峨边群主要分布于川西金口河地区,为一套以碎屑沉积岩为主,夹少量碳酸盐岩及酸性—基性的火山岩、火山碎屑岩的地层,其上为苏雄组、开建桥组、列古六组或震旦系不整合覆盖(图1c)[15,20-22]。传统上,峨边群被认为与川西会理—会东地区会理群和滇中地区昆阳群相当,均为中元古代晚期地层[1,18]。熊国庆等[23]报道的峨边群上部凝灰岩锆石U-Pb年龄为779±16 Ma,但其与侵入至其中的辉绿岩年龄813±8 Ma[15]和花岗岩年龄860±4 Ma[21]明显冲突。峨边群底部变玄武岩的锆石U-Pb年龄为1 019±5 Ma[22],但最近获得的变质细粒岩屑砂岩最年轻一组碎屑锆石的年龄峰值为~910 Ma[20]。因此,尽管峨边群的沉积时代目前仍无定论,但可大致限定在1 020~860 Ma。

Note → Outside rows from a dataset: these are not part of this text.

(* Let $T,B_1,B_3,\varepsilon>0$. The function $I_\varepsilon:Y\times X_{B_1}\to\mathbb{R}$, $$I_\varepsilon(\tilde\theta,\gamma)=\int_{(0,T)^2}\big((A_\varepsilon\tilde\theta)_{t_1}(\gamma_{t_1})-(A_\varepsilon\tilde\theta)_{t_2}(\gamma_{t_2})\big)^+\chi_{\{t_1<t_2\}}\,dt_1\,dt_2,$$ is continuous.
   Context: $X_{B_1}$: left-continuous $\gamma:(0,T)\to[0,1]$ with total variation $\le B_1$, metric $\|\cdot\|_{L^2(0,T)}$; $\gamma_t=\gamma(t)$. $Y_{B_3}$: nondecreasing $\theta:[0,1]\to\mathbb{R}$, right-continuous on $[0,1)$, $|\theta|\le B_3$, metric $\|\cdot\|_{L^2(0,1)}$. $Y=C([0,T);Y_{B_3})$ with metric $\sup_t\|\tilde\theta_t-\tilde\theta'_t\|_{L^2}$, $\tilde\theta_t=\tilde\theta(t)$. $A_\varepsilon:Y\to Y$ is $(A_\varepsilon\tilde\theta)_t(z)=\varepsilon^{-1}\int_z^{z+\varepsilon}\tilde\theta_t(w)\,dw$, where $\tilde\theta_t(w)$ is set equal to $B_3$ for $w\ge1$. *)

theory Defs
  imports "HOL-Analysis.Analysis"
begin

definition L2dist :: "real \<Rightarrow> real \<Rightarrow> (real \<Rightarrow> real) \<Rightarrow> (real \<Rightarrow> real) \<Rightarrow> real" where
  "L2dist a b f g = sqrt (LINT w:{a<..<b}|lborel. (f w - g w)^2)"

definition tv_le :: "real \<Rightarrow> real \<Rightarrow> (real \<Rightarrow> real) \<Rightarrow> bool" where
  "tv_le T B g \<longleftrightarrow> (\<forall>(n::nat) (s::nat \<Rightarrow> real).
      (\<forall>i\<le>n. s i \<in> {0<..<T}) \<and> (\<forall>i<n. s i < s (Suc i)) \<longrightarrow>
      (\<Sum>i<n. \<bar>g (s (Suc i)) - g (s i)\<bar>) \<le> B)"

definition X_B :: "real \<Rightarrow> real \<Rightarrow> (real \<Rightarrow> real) set" where
  "X_B T B1 = {g. (\<forall>t\<in>{0<..<T}. (g \<longlongrightarrow> g t) (at_left t))
                 \<and> (\<forall>t\<in>{0<..<T}. 0 \<le> g t \<and> g t \<le> 1)
                 \<and> tv_le T B1 g}"

definition Y_B :: "real \<Rightarrow> (real \<Rightarrow> real) set" where
  "Y_B B3 = {th. mono_on {0..1} th
                 \<and> (\<forall>z\<in>{0..<1}. (th \<longlongrightarrow> th z) (at_right z))
                 \<and> (\<forall>z\<in>{0..1}. \<bar>th z\<bar> \<le> B3)}"

text \<open>The space Y = C([0,T); Y_{B3}); thth t is the element at time t.\<close>
definition Yspace :: "real \<Rightarrow> real \<Rightarrow> (real \<Rightarrow> real \<Rightarrow> real) set" where
  "Yspace T B3 = {thth. (\<forall>t\<in>{0..<T}. thth t \<in> Y_B B3)
     \<and> (\<forall>t\<in>{0..<T}. \<forall>e>0. \<exists>d>0. \<forall>s\<in>{0..<T}. \<bar>s - t\<bar> < d \<longrightarrow>
            L2dist 0 1 (thth s) (thth t) < e)}"

definition Ydist :: "real \<Rightarrow> (real \<Rightarrow> real \<Rightarrow> real) \<Rightarrow> (real \<Rightarrow> real \<Rightarrow> real) \<Rightarrow> real" where
  "Ydist T th1 th2 = (SUP t\<in>{0..<T}. L2dist 0 1 (th1 t) (th2 t))"

definition A_eps :: "real \<Rightarrow> real \<Rightarrow> (real \<Rightarrow> real \<Rightarrow> real) \<Rightarrow> real \<Rightarrow> real \<Rightarrow> real" where
  "A_eps B3 eps thth t z =
     (LINT w:{z..z+eps}|lborel. (if w \<ge> 1 then B3 else thth t w)) / eps"

definition I_eps :: "real \<Rightarrow> real \<Rightarrow> real \<Rightarrow> (real \<Rightarrow> real \<Rightarrow> real) \<Rightarrow> (real \<Rightarrow> real) \<Rightarrow> real" where
  "I_eps T B3 eps thth g =
     (LINT p:({0<..<T} \<times> {0<..<T})|lborel.
        (if fst p < snd p then
           max 0 (A_eps B3 eps thth (fst p) (g (fst p)) - A_eps B3 eps thth (snd p) (g (snd p)))
         else 0))"

end

theory Submission
  imports Defs
begin

text \<open>Averaging over a window of width \<open>\<epsilon>\<close> makes \<open>(A\<^sub>\<epsilon>\<theta>)\<^sub>t\<close> Lipschitz in the space
  variable, with constant \<open>2B\<^sub>3/\<epsilon>\<close>, and \<open>1/\<epsilon>\<close>-Lipschitz in the profile for the \<open>L\<^sup>2\<close>
  distance (Cauchy--Schwarz). Hence the integrands \<open>a(t) = (A\<^sub>\<epsilon>\<theta>)\<^sub>t(\<gamma>\<^sub>t)\<close> of two pairs
  \<open>(\<theta>,\<gamma>)\<close>, \<open>(\<theta>',\<gamma>')\<close> satisfy \<open>\<bar>a'(t) - a(t)\<bar> \<le> d\<^sub>Y(\<theta>,\<theta>')/\<epsilon> + (2B\<^sub>3/\<epsilon>)\<bar>\<gamma>'\<^sub>t - \<gamma>\<^sub>t\<bar>\<close>.
  As \<open>x \<mapsto> x\<^sup>+\<close> is 1-Lipschitz, integrating over the square and using Cauchy--Schwarz once
  more shows that \<open>I\<^sub>\<epsilon>\<close> is in fact Lipschitz:
  \<open>\<bar>I\<^sub>\<epsilon>(\<theta>',\<gamma>') - I\<^sub>\<epsilon>(\<theta>,\<gamma>)\<bar> \<le> 2T (T d\<^sub>Y(\<theta>,\<theta>')/\<epsilon> + (2B\<^sub>3/\<epsilon>) \<surd>T \<parallel>\<gamma>' - \<gamma>\<parallel>\<^sub>2)\<close>.
  That the integrand is measurable at all follows from the joint continuity of
  \<open>(t, z) \<mapsto> (A\<^sub>\<epsilon>\<theta>)\<^sub>t(z)\<close> and the measurability of left-continuous \<open>\<gamma>\<close>.\<close>

section \<open>Integrals of bounded functions on bounded sets\<close>

lemma set_integrable_bounded:
  fixes f :: "'a::euclidean_space \<Rightarrow> real"
  assumes "f \<in> borel_measurable (restrict_space borel A)" "A \<in> sets borel" "bounded A"
    and "\<And>x. x \<in> A \<Longrightarrow> \<bar>f x\<bar> \<le> C"
  shows "set_integrable lborel A f"
proof -
  have "(\<lambda>x. indicator A x *\<^sub>R f x) \<in> borel_measurable borel"
    using assms(1,2) by (simp add: borel_measurable_restrict_space_iff)
  then show ?thesis
    unfolding set_integrable_def
    using assms(2,4) emeasure_bounded_finite[OF assms(3)]
    by (intro integrableI_bounded_set[where A=A and B=C]) (auto simp: indicator_def)
qed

在金口河地区,大量辉绿岩脉侵入峨边群中部枷担桥组的灰白色硅化白云岩(图2a,b),临近辉绿岩脉的硅化白云岩明显破碎,且沿岩脉侵入方向发生明显拖曳变形,可见较为明显的冷凝边。这些辉绿岩脉大多呈NE—SW或E—W向展布,宽0.5~2.5 m不等,一般长30~50 m,表面已明显风化,多呈灰黄色,新鲜面呈灰黑色(图2a,b)。这些辉绿岩脉显示块状构造、辉绿结构,主要组成矿物为斜长石(55%)和辉石(35%),少量石英(3%)、磁铁矿和钛铁矿(3%)。斜长石自形程度较高,呈规则的长条状或板状,部分镜下可见其定向排列,其格架中充填细粒辉石,辉石呈半自形—他形粒状,部分晶体粗大,包含细小的自形斜长石(图2c,d)。石英呈微细粒状,磁铁矿和钛铁矿多呈细粒状,少数为条状,不均匀分布。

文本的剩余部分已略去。